What about my steak. Hmm! This is where I dipped. It took ages to arrive and I had to ask several times if the steak was cooked yet. How long does it take to cook a steak? My husband had already been given his meal and he was eating it as slowly as he could. He certainly didn't get indigestion this night. Eventually the steak arived with gushing sentiment and as I was in a very jovial mood due to the wonderful red wine I ate my meal graciously. To accompany my overcooked steak which I could hardly cut I had a dish of over cooked chips and a bowl of fresh salad. I think you can see where this is going - yes I was disappointed. The steak was not medium rare - more like well done and it was cold. I ate most of it and when the waiter asked me if it was okay I had to tell him that I was a little disappointed. He apologised profusely and said it was because they were overbooked and a staff shortage. I didn't rant because I have worked in a restaurant and I know how it goes and sometimes these things happen. I was disappointed but I'll just put it down to experience. I should have chosen the Tarragon Chicken. The Cumberland sausage which gets 10/10 was priced at £8.45 and my sirloin steak was £11. Other meals on the main menu were dishes like Tarragon Chicken, Lamb Shank, Cumberland Dux (which are faggots), Solway Salmon Steak and Pigeon Chasseur. Prices range from £7.45 to £10.25.
All desserts are homemade and change from day to day and they cost £3.95. We never rarely eat desserts so I can't comment.
Tea, Herbal tea, coffee and liquer coffees are available - from £1.50 to £3.10 for liquer coffees.
So overall, a little disappointed with the main meal but the atmosphere inside the restaurant was very cheery and I did get the chance to practice my French.

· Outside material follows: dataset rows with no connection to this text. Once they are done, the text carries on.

(* For $1\leq p <\infty$, the space $L^{p}(\mu)$ contains an isometric and complemented copy of $\ell^{p}(\mathfrak c,L^{p}[0,1])$.
   Context: Let $\mathcal{B}$ be the Borel $\sigma$-algebra of $\mathbb{R}$, $\lambda$ the Lebesgue measure, and $\mathcal{B}_{\infty}$ the $\sigma$-algebra on $\mathbb{R}^{\mathbb{N}}$ generated by the cylinder sets $\prod_{i=1}^{m}C_{i}\times\prod_{i=m+1}^{\infty}\mathbb{R}$ with $C_i\in\mathcal{B}$, $m\in\mathbb{N}$. Let $\mathcal{F}(\mathcal{B},\lambda)$ be the set of finite rectangles $\prod_{i\in\mathbb{N}}C_{i}$ with $C_i\in\mathcal{B}$ and $\prod_{i}\lambda(C_i)\in[0,\infty)$, with $\mathrm{vol}(\prod_{i}C_i):=\prod_i\lambda(C_i)$. The measure $\mu$ is the restriction to $\mathcal{B}_{\infty}$ of the outer measure $\mu^{\ast}(A):=\inf\{\sum_{n}\mathrm{vol}(\mathscr{C}_{n}) : \mathscr{C}_{n}\in\mathcal{F}(\mathcal{B},\lambda),\ A\subset\bigcup_{n}\mathscr{C}_{n}\}$ ($\inf\varnothing=\infty$). $\ell^{p}(\kappa,X)$ denotes the $\ell^p$-sum of $\kappa$ copies of the Banach space $X$, and $\mathfrak{c}$ is the cardinality of the continuum. No set-theoretic hypothesis beyond ZFC is assumed. *)

theory Defs
  imports "HOL-Analysis.Analysis"
begin

definition cyl_sets :: "(nat \<Rightarrow> real) set set" where
  "cyl_sets = {{x. \<forall>i<m. x i \<in> C i} | m C. \<forall>i. C i \<in> sets borel}"

definition B_inf :: "(nat \<Rightarrow> real) set set" where
  "B_inf = sigma_sets UNIV cyl_sets"

definition rect :: "(nat \<Rightarrow> real set) \<Rightarrow> (nat \<Rightarrow> real) set" where
  "rect C = {x. \<forall>i. x i \<in> C i}"

text \<open>Partial products of Lebesgue measures (in [0,\<infinity>], with 0 * \<infinity> = 0).\<close>
definition partial_vol :: "(nat \<Rightarrow> real set) \<Rightarrow> nat \<Rightarrow> ennreal" where
  "partial_vol C n = (\<Prod>i<n. emeasure lborel (C i))"

definition finite_rect :: "(nat \<Rightarrow> real set) \<Rightarrow> bool" where
  "finite_rect C \<longleftrightarrow> (\<forall>i. C i \<in> sets borel) \<and> convergent (partial_vol C)
      \<and> lim (partial_vol C) \<noteq> \<infinity>"

definition vol :: "(nat \<Rightarrow> real set) \<Rightarrow> ennreal" where
  "vol C = lim (partial_vol C)"

text \<open>The outer measure mu^* (Inf of the empty set is \<infinity> in ennreal).\<close>
definition mu_outer :: "(nat \<Rightarrow> real) set \<Rightarrow> ennreal" where
  "mu_outer A = Inf {\<Sum>n. vol (R n) | R. (\<forall>n. finite_rect (R n)) \<and> A \<subseteq> (\<Union>n. rect (R n))}"

definition mu :: "(nat \<Rightarrow> real) measure" where
  "mu = measure_of UNIV B_inf mu_outer"

definition Lp :: "'a measure \<Rightarrow> real \<Rightarrow> ('a \<Rightarrow> real) set" where
  "Lp M p = {f \<in> borel_measurable M. integrable M (\<lambda>x. \<bar>f x\<bar> powr p)}"

definition Lp_norm :: "'a measure \<Rightarrow> real \<Rightarrow> ('a \<Rightarrow> real) \<Rightarrow> real" where
  "Lp_norm M p f = (\<integral>x. \<bar>f x\<bar> powr p \<partial>M) powr (1 / p)"

definition I01 :: "real measure" where
  "I01 = restrict_space lborel {0..1}"

definition lp_sum :: "'a measure \<Rightarrow> real \<Rightarrow> ('i \<Rightarrow> 'a \<Rightarrow> real) set" where
  "lp_sum M p = {g. (\<forall>i. g i \<in> Lp M p) \<and> (\<lambda>i. Lp_norm M p (g i) powr p) summable_on UNIV}"

definition lp_sum_norm :: "'a measure \<Rightarrow> real \<Rightarrow> ('i \<Rightarrow> 'a \<Rightarrow> real) \<Rightarrow> real" where
  "lp_sum_norm M p g = (\<Sum>\<^sub>\<infinity>i. Lp_norm M p (g i) powr p) powr (1 / p)"

end

theory Submission
  imports Defs "HOL-Probability.Probability"
begin

text \<open>Restricted to a unit cube \<open>\<Pi>\<^sub>i [c\<^sub>i, c\<^sub>i + 1]\<close>, the measure \<open>mu\<close> is the translate of the
  product of countably many copies of Lebesgue measure on \<open>[0,1]\<close>. Enumerating the rationals as
  \<open>q\<^sub>0, q\<^sub>1, \<dots>\<close>, the cubes with corners \<open>c\<^sub>i(t) = 2 [q\<^sub>i < t]\<close> for \<open>t \<in> \<real>\<close> are pairwise disjoint.
  The embedding \<open>T\<close> puts the \<open>t\<close>-th component of \<open>g\<close>, as a function of the first coordinate, on
  the \<open>t\<close>-th cube; as the cube carries a product probability measure, \<open>T\<close> is an isometry. The
  projection \<open>P\<close> averages \<open>f\<close> on every cube over all coordinates but the first, which is
  contractive by Jensen's inequality, and embeds the result by \<open>T\<close>.\<close>

section \<open>\<open>L\<^sup>p\<close> norms and Jensen's inequality\<close>

lemma powr_Lp_norm: "p \<noteq> 0 \<Longrightarrow> Lp_norm M p f powr p = (\<integral>x. \<bar>f x\<bar> powr p \<partial>M)"
  unfolding Lp_norm_def by (simp add: powr_powr)

lemma nn_integral_abs_powr_Lp:
  "f \<in> Lp M p \<Longrightarrow> (\<integral>\<^sup>+x. ennreal (\<bar>f x\<bar> powr p) \<partial>M) = ennreal (\<integral>x. \<bar>f x\<bar> powr p \<partial>M)"
  by (intro nn_integral_eq_integral) (auto simp: Lp_def)

lemma nn_integral_abs_powr_Lp_finite:
  "f \<in> Lp M p \<Longrightarrow> (\<integral>\<^sup>+x. ennreal (\<bar>f x\<bar> powr p) \<partial>M) < \<infinity>"
  by (simp add: nn_integral_abs_powr_Lp)

lemma measurable_Lp: "f \<in> Lp M p \<Longrightarrow> f \<in> borel_measurable M"
  by (simp add: Lp_def)

lemma integral_abs_powr_eq_0_iff:
  assumes "f \<in> Lp M p"
  shows "(\<integral>x. \<bar>f x\<bar> powr p \<partial>M) = 0 \<longleftrightarrow> (AE x in M. f x = 0)"
proof -
  have "(\<integral>x. \<bar>f x\<bar> powr p \<partial>M) = 0 \<longleftrightarrow> (AE x in M. \<bar>f x\<bar> powr p = 0)"
    using assms by (intro integral_nonneg_eq_0_iff_AE) (auto simp: Lp_def)
  then show ?thesis
    by simp
qed

lemma measurable_lp_sum: "g \<in> lp_sum M p \<Longrightarrow> g t \<in> borel_measurable M"
  by (simp add: lp_sum_def Lp_def)

lemma nn_integral_count_space_eq_infsum:
  fixes f :: "'a \<Rightarrow> real"
  assumes f: "f summable_on UNIV" "\<And>t. f t \<ge> 0" and zero: "\<And>t. t \<notin> K \<Longrightarrow> f t = 0"
  shows "(\<integral>\<^sup>+t. ennreal (f t) \<partial>count_space K) = ennreal (\<Sum>\<^sub>\<infinity>t. f t)"
proof -
  have "f summable_on K"
    using f(1) by (rule summable_on_subset_banach) simp
  then have abs_summable: "Infinite_Set_Sum.abs_summable_on f K"
    using summable_on_iff_abs_summable_on_real abs_summable_equivalent by blast
  then have "(\<integral>\<^sup>+t. ennreal (f t) \<partial>count_space K) = ennreal (infsetsum f K)"
    using f(2) by (intro nn_integral_conv_infsetsum) auto
  also have "infsetsum f K = infsum f K"
    using abs_summable by (rule infsetsum_infsum)
  also have "infsum f K = infsum f UNIV"
    using zero by (intro infsum_cong_neutral) auto
  finally show ?thesis .
qed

The visitors were French Canadians visiting the area so that was nice. Also after travelling around Bulgaria and Slovakia a lot it was such a pleasant experience to come back to the UK and not to have to share a restaurant with smokers. The building and the views are stunning and in my view, this is the selling point of this bar and restaurant.
If you are ever in the vicinity of Brampton then I recommend you take the road out of Brampton to Longtown (A6071). Follow the road until you come to a small bridge with trafffic lights. After crossing the bridge for about 100yards turn right and the Centurion is on your right. A great pub with a country atmosphere and panoramic views.